Records to use:
(* There is an absolute constant $C>0$ such that the following holds. Let $q$ be a prime, let $\delta$ be a positive integer with $\delta\leq\frac{\log q}{\log 2}$, and let $n\geq\delta q$ be an integer. Let $A:=\frac{1}{n!}\sum_{\pi\in S_n}\bigl(c_1(\pi^q)\bigr)^{\delta}$. Then: if $\delta=1$, $A=\sigma_0(q)$; if $\delta=2$, $A=\sigma_1(q)+\sigma_0(q)^2$; if $\delta\geq3$, $\left|A-\sigma_{\delta-1}(q)-q^{\delta-2}\left(\delta+2^{\delta-1}-1\right)\right|\leq C\,3^{\delta}q^{\delta-3}$.
   Context: For $\pi\in S_n$, $c_1(\pi^q)$ is the number of fixed points of the permutation $\pi^q$. For real $\alpha$, $\sigma_\alpha(q)=\sum_{d\mid q}d^\alpha$. *)

theory Defs
  imports Complex_Main "HOL-Combinatorics.Permutations" "HOL-Computational_Algebra.Primes"
begin

definition c1 :: "nat \<Rightarrow> (nat \<Rightarrow> nat) \<Rightarrow> nat" where
  "c1 n \<pi> = card {i \<in> {..<n}. \<pi> i = i}"

definition sigma :: "real \<Rightarrow> nat \<Rightarrow> real" where
  "sigma \<alpha> q = (\<Sum>d\<in>{d. d dvd q}. real d powr \<alpha>)"

definition momentA :: "nat \<Rightarrow> nat \<Rightarrow> nat \<Rightarrow> real" where
  "momentA n q \<delta> = (\<Sum>\<pi>\<in>{\<pi>. \<pi> permutes {..<n}}. real (c1 n (\<pi> ^^ q)) ^ \<delta>) / fact n"

end

theory Submission
  imports Defs "HOL-Combinatorics.Cycles" "HOL-Combinatorics.Stirling" "HOL-Real_Asymp.Real_Asymp"
begin

(* For prime q a point is fixed by pi^q iff its pi-cycle has length 1 or q, so
   c1(pi^q) = F + q Q with F the number of fixed points and Q the number of q-cycles of pi.
   Splitting off the cycle through one point gives a recursion showing that, for i + q j <= n,
   the joint factorial moments E[(F choose i) (Q choose j)] = 1 / (i! j! q^j) are exactly those
   of independent Poisson variables with means 1 and 1/q.  Expanding powers in falling factorials
   (Stirling numbers S of the second kind) then gives, for delta q <= n,
     A = sum_a (delta choose a) B_a T_(delta-a)(q),   T_b(q) = sum_j S(b,j) q^(b-j),
   with B_a the Bell numbers.  The terms of order q^(delta-1) and q^(delta-2) (a = 0 with j <= 2,
   a = 1 with j = 1) add up to q^(delta-1) + q^(delta-2) (delta + 2^(delta-1) - 1), while
   sigma_(delta-1)(q) = 1 + q^(delta-1).
   Once q >= 2^delta every other term is at most poly(delta) 2^delta q^(delta-3), except
   S(delta,3) q^(delta-3) <= 3^delta q^(delta-3). *)

section \<open>Splitting off the cycle through a point\<close>

definition fix_count :: "'a set \<Rightarrow> ('a \<Rightarrow> 'a) \<Rightarrow> nat" where
  "fix_count A f = card {x \<in> A. f x = x}"

lemma funpow_eq_on_invariant:
  assumes "\<And>x. x \<in> S \<Longrightarrow> f x = g x" and "\<And>x. x \<in> S \<Longrightarrow> g x \<in> S" and "x \<in> S"
  shows "(f ^^ k) x = (g ^^ k) x"
  using assms(3)
  by (induction k arbitrary: x) (simp_all add: assms(1,2) funpow_Suc_right del: funpow.simps)

locale cycle_split =
  fixes A :: "'a set" and cs :: "'a list" and \<rho> p :: "'a \<Rightarrow> 'a"
  assumes distinct_cs: "distinct cs" and set_cs_subset: "set cs \<subseteq> A"
    and \<rho>_permutes: "\<rho> permutes (A - set cs)" and p_def: "p = cycle_of_list cs \<circ> \<rho>"
begin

What you have to do: Every line of the material above is to be copied exactly.

Final answer:
(* There is an absolute constant $C>0$ such that the following holds. Let $q$ be a prime, let $\delta$ be a positive integer with $\delta\leq\frac{\log q}{\log 2}$, and let $n\geq\delta q$ be an integer. Let $A:=\frac{1}{n!}\sum_{\pi\in S_n}\bigl(c_1(\pi^q)\bigr)^{\delta}$. Then: if $\delta=1$, $A=\sigma_0(q)$; if $\delta=2$, $A=\sigma_1(q)+\sigma_0(q)^2$; if $\delta\geq3$, $\left|A-\sigma_{\delta-1}(q)-q^{\delta-2}\left(\delta+2^{\delta-1}-1\right)\right|\leq C\,3^{\delta}q^{\delta-3}$.
   Context: For $\pi\in S_n$, $c_1(\pi^q)$ is the number of fixed points of the permutation $\pi^q$. For real $\alpha$, $\sigma_\alpha(q)=\sum_{d\mid q}d^\alpha$. *)

theory Defs
  imports Complex_Main "HOL-Combinatorics.Permutations" "HOL-Computational_Algebra.Primes"
begin

definition c1 :: "nat \<Rightarrow> (nat \<Rightarrow> nat) \<Rightarrow> nat" where
  "c1 n \<pi> = card {i \<in> {..<n}. \<pi> i = i}"

definition sigma :: "real \<Rightarrow> nat \<Rightarrow> real" where
  "sigma \<alpha> q = (\<Sum>d\<in>{d. d dvd q}. real d powr \<alpha>)"

definition momentA :: "nat \<Rightarrow> nat \<Rightarrow> nat \<Rightarrow> real" where
  "momentA n q \<delta> = (\<Sum>\<pi>\<in>{\<pi>. \<pi> permutes {..<n}}. real (c1 n (\<pi> ^^ q)) ^ \<delta>) / fact n"

end

theory Submission
  imports Defs "HOL-Combinatorics.Cycles" "HOL-Combinatorics.Stirling" "HOL-Real_Asymp.Real_Asymp"
begin

(* For prime q a point is fixed by pi^q iff its pi-cycle has length 1 or q, so
   c1(pi^q) = F + q Q with F the number of fixed points and Q the number of q-cycles of pi.
   Splitting off the cycle through one point gives a recursion showing that, for i + q j <= n,
   the joint factorial moments E[(F choose i) (Q choose j)] = 1 / (i! j! q^j) are exactly those
   of independent Poisson variables with means 1 and 1/q.  Expanding powers in falling factorials
   (Stirling numbers S of the second kind) then gives, for delta q <= n,
     A = sum_a (delta choose a) B_a T_(delta-a)(q),   T_b(q) = sum_j S(b,j) q^(b-j),
   with B_a the Bell numbers.  The terms of order q^(delta-1) and q^(delta-2) (a = 0 with j <= 2,
   a = 1 with j = 1) add up to q^(delta-1) + q^(delta-2) (delta + 2^(delta-1) - 1), while
   sigma_(delta-1)(q) = 1 + q^(delta-1).
   Once q >= 2^delta every other term is at most poly(delta) 2^delta q^(delta-3), except
   S(delta,3) q^(delta-3) <= 3^delta q^(delta-3). *)

section \<open>Splitting off the cycle through a point\<close>

definition fix_count :: "'a set \<Rightarrow> ('a \<Rightarrow> 'a) \<Rightarrow> nat" where
  "fix_count A f = card {x \<in> A. f x = x}"

lemma funpow_eq_on_invariant:
  assumes "\<And>x. x \<in> S \<Longrightarrow> f x = g x" and "\<And>x. x \<in> S \<Longrightarrow> g x \<in> S" and "x \<in> S"
  shows "(f ^^ k) x = (g ^^ k) x"
  using assms(3)
  by (induction k arbitrary: x) (simp_all add: assms(1,2) funpow_Suc_right del: funpow.simps)

locale cycle_split =
  fixes A :: "'a set" and cs :: "'a list" and \<rho> p :: "'a \<Rightarrow> 'a"
  assumes distinct_cs: "distinct cs" and set_cs_subset: "set cs \<subseteq> A"
    and \<rho>_permutes: "\<rho> permutes (A - set cs)" and p_def: "p = cycle_of_list cs \<circ> \<rho>"
begin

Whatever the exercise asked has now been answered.